(Dataset excerpts)
lemma convergent_prod_qpoch:
  fixes a q :: real
  assumes "\<bar>q\<bar> < 1"
  shows "convergent_prod (\<lambda>k. 1 - a * q ^ k)"
proof -
  have "summable (\<lambda>k. \<bar>a\<bar> * \<bar>q\<bar> ^ k)"
    using assms by (intro summable_mult summable_geometric) simp
  then have "summable (\<lambda>k. norm ((1 - a * q ^ k) - 1))"
    by (simp add: abs_mult power_abs)
  then show ?thesis
    by (intro abs_convergent_prod_imp_convergent_prod summable_imp_abs_convergent_prod)
qed

lemma qpoch_tendsto_qpoch_inf:
  assumes "\<bar>q\<bar> < 1"
  shows "(\<lambda>n. qpoch a q n) \<longlonglongrightarrow> qpoch_inf a q"
proof -
  have "(\<lambda>n. \<Prod>k\<le>n. 1 - a * q ^ k) \<longlonglongrightarrow> qpoch_inf a q"
    unfolding qpoch_inf_def by (rule convergent_prod_LIMSEQ[OF convergent_prod_qpoch[OF assms]])
  then have "(\<lambda>n. qpoch a q (Suc n)) \<longlonglongrightarrow> qpoch_inf a q"
    by (simp add: qpoch_def lessThan_Suc_atMost)
  then show ?thesis
    by (rule LIMSEQ_imp_Suc)
qed

lemma qpoch_inf_double:
  assumes "\<bar>q\<bar> < 1"
  shows "qpoch_inf q q = qpoch_inf q (q\<^sup>2) * qpoch_inf (q\<^sup>2) (q\<^sup>2)"
proof (rule LIMSEQ_unique)
  have "strict_mono (\<lambda>n::nat. 2 * n)"
    by (simp add: strict_mono_def)
  then show "(\<lambda>n. qpoch q q (2 * n)) \<longlonglongrightarrow> qpoch_inf q q"
    using LIMSEQ_subseq_LIMSEQ[OF qpoch_tendsto_qpoch_inf[OF assms]] by (simp add: o_def)
  have "\<bar>q\<^sup>2\<bar> < 1"
    using assms by (simp add: abs_square_less_1)
  then show "(\<lambda>n. qpoch q q (2 * n)) \<longlonglongrightarrow> qpoch_inf q (q\<^sup>2) * qpoch_inf (q\<^sup>2) (q\<^sup>2)"
    unfolding qpoch_double by (intro tendsto_mult qpoch_tendsto_qpoch_inf)
qed

lemma qpoch_factor_pos:
  fixes a q :: real
  assumes "\<bar>a\<bar> < 1" "\<bar>q\<bar> < 1"
  shows "0 < 1 - a * q ^ k"
proof -
  have "\<bar>a * q ^ k\<bar> \<le> \<bar>a\<bar>"
    using assms by (simp add: abs_mult power_abs mult_left_le power_le_one)
  with assms show ?thesis
    by linarith
qed

lemma qpoch_pos:
  fixes a q :: real
  assumes "\<bar>a\<bar> < 1" "\<bar>q\<bar> < 1"
  shows "0 < qpoch a q n"
  unfolding qpoch_def using qpoch_factor_pos[OF assms] by (intro prod_pos) auto

lemma qpoch_inf_pos:
  assumes "\<bar>a\<bar> < 1" "\<bar>q\<bar> < 1"
  shows "0 < qpoch_inf a q"
  unfolding qpoch_inf_def
  using qpoch_factor_pos[OF assms] by (intro less_0_prodinf convergent_prod_qpoch assms) auto

lemma qpoch_inf_zero [simp]: "qpoch_inf 0 q = 1"
  by (simp add: qpoch_inf_def)

lemma qpoch_bounds:
  fixes a q :: real
  assumes "0 \<le> a" "a < 1" "0 \<le> q" "q < 1"
  shows "qpoch_inf a q \<le> qpoch a q n" "qpoch a q n \<le> 1"
proof -
  have factor: "0 \<le> 1 - a * q ^ k" "1 - a * q ^ k \<le> 1" for k
    using qpoch_factor_pos[of a q k] assms by auto
  show "qpoch_inf a q \<le> qpoch a q n"
    unfolding qpoch_def qpoch_inf_def
    by (rule prod_ge_prodinf[OF convergent_prod_has_prod[OF convergent_prod_qpoch]])
      (use factor assms in auto)
  show "qpoch a q n \<le> 1"
    unfolding qpoch_def using factor by (intro prod_le_1) auto
qed

section \<open>Gaussian binomial coefficients\<close>

fun qbinom :: "'a::comm_ring_1 \<Rightarrow> nat \<Rightarrow> nat \<Rightarrow> 'a" where
  "qbinom t 0 k = (if k = 0 then 1 else 0)"
| "qbinom t (Suc m) 0 = 1"
| "qbinom t (Suc m) (Suc k) = qbinom t m k + t ^ Suc k * qbinom t m (Suc k)"

lemma qbinom_eq_0: "m < k \<Longrightarrow> qbinom t m k = 0"
proof (induction m arbitrary: k)
  case (Suc m)
  then show ?case
    by (cases k) auto
qed simp

lemma qbinom_0_right [simp]: "qbinom t m 0 = 1"
  by (cases m) auto

lemma qbinom_same [simp]: "qbinom t m m = 1"
  by (induction m) (auto simp: qbinom_eq_0)

lemma qbinom_mult_qpoch:
  "k \<le> m \<Longrightarrow> qbinom t m k * qpoch t t k * qpoch t t (m - k) = qpoch t t m"
proof (induction m arbitrary: k)
  case (Suc m)
  show ?case
  proof (cases k)
    case (Suc j)
    show ?thesis
    proof (cases "j = m")
      case False
      with Suc.prems \<open>k = Suc j\<close> have "Suc j \<le> m"
        by simp
      then obtain d where d: "m = Suc j + d"
        using le_Suc_ex by blast
      have "qbinom t (Suc m) k * qpoch t t k * qpoch t t (Suc m - k)
          = qbinom t m j * qpoch t t j * qpoch t t (m - j) * (1 - t * t ^ j)
            + t ^ Suc j * (qbinom t m (Suc j) * qpoch t t (Suc j) * qpoch t t (m - Suc j))
              * (1 - t * t ^ d)"
        using \<open>k = Suc j\<close> d by (simp add: qpoch_Suc algebra_simps)
      also have "\<dots> = qpoch t t m * (1 - t * t ^ m)"
        using Suc.IH[of j] Suc.IH[of "Suc j"] \<open>Suc j \<le> m\<close> d
        by (simp add: algebra_simps power_add)
      finally show ?thesis
        by (simp add: qpoch_Suc)
    qed (use \<open>k = Suc j\<close> in \<open>simp add: qbinom_eq_0 qpoch_Suc\<close>)
  qed simp
qed simp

# Your instructions:
Set down, exactly and only, the lines running from the one holding "proof (cases k)" through the end of the records above, both ends included.

# Solution below:
  proof (cases k)
    case (Suc j)
    show ?thesis
    proof (cases "j = m")
      case False
      with Suc.prems \<open>k = Suc j\<close> have "Suc j \<le> m"
        by simp
      then obtain d where d: "m = Suc j + d"
        using le_Suc_ex by blast
      have "qbinom t (Suc m) k * qpoch t t k * qpoch t t (Suc m - k)
          = qbinom t m j * qpoch t t j * qpoch t t (m - j) * (1 - t * t ^ j)
            + t ^ Suc j * (qbinom t m (Suc j) * qpoch t t (Suc j) * qpoch t t (m - Suc j))
              * (1 - t * t ^ d)"
        using \<open>k = Suc j\<close> d by (simp add: qpoch_Suc algebra_simps)
      also have "\<dots> = qpoch t t m * (1 - t * t ^ m)"
        using Suc.IH[of j] Suc.IH[of "Suc j"] \<open>Suc j \<le> m\<close> d
        by (simp add: algebra_simps power_add)
      finally show ?thesis
        by (simp add: qpoch_Suc)
    qed (use \<open>k = Suc j\<close> in \<open>simp add: qbinom_eq_0 qpoch_Suc\<close>)
  qed simp
qed simp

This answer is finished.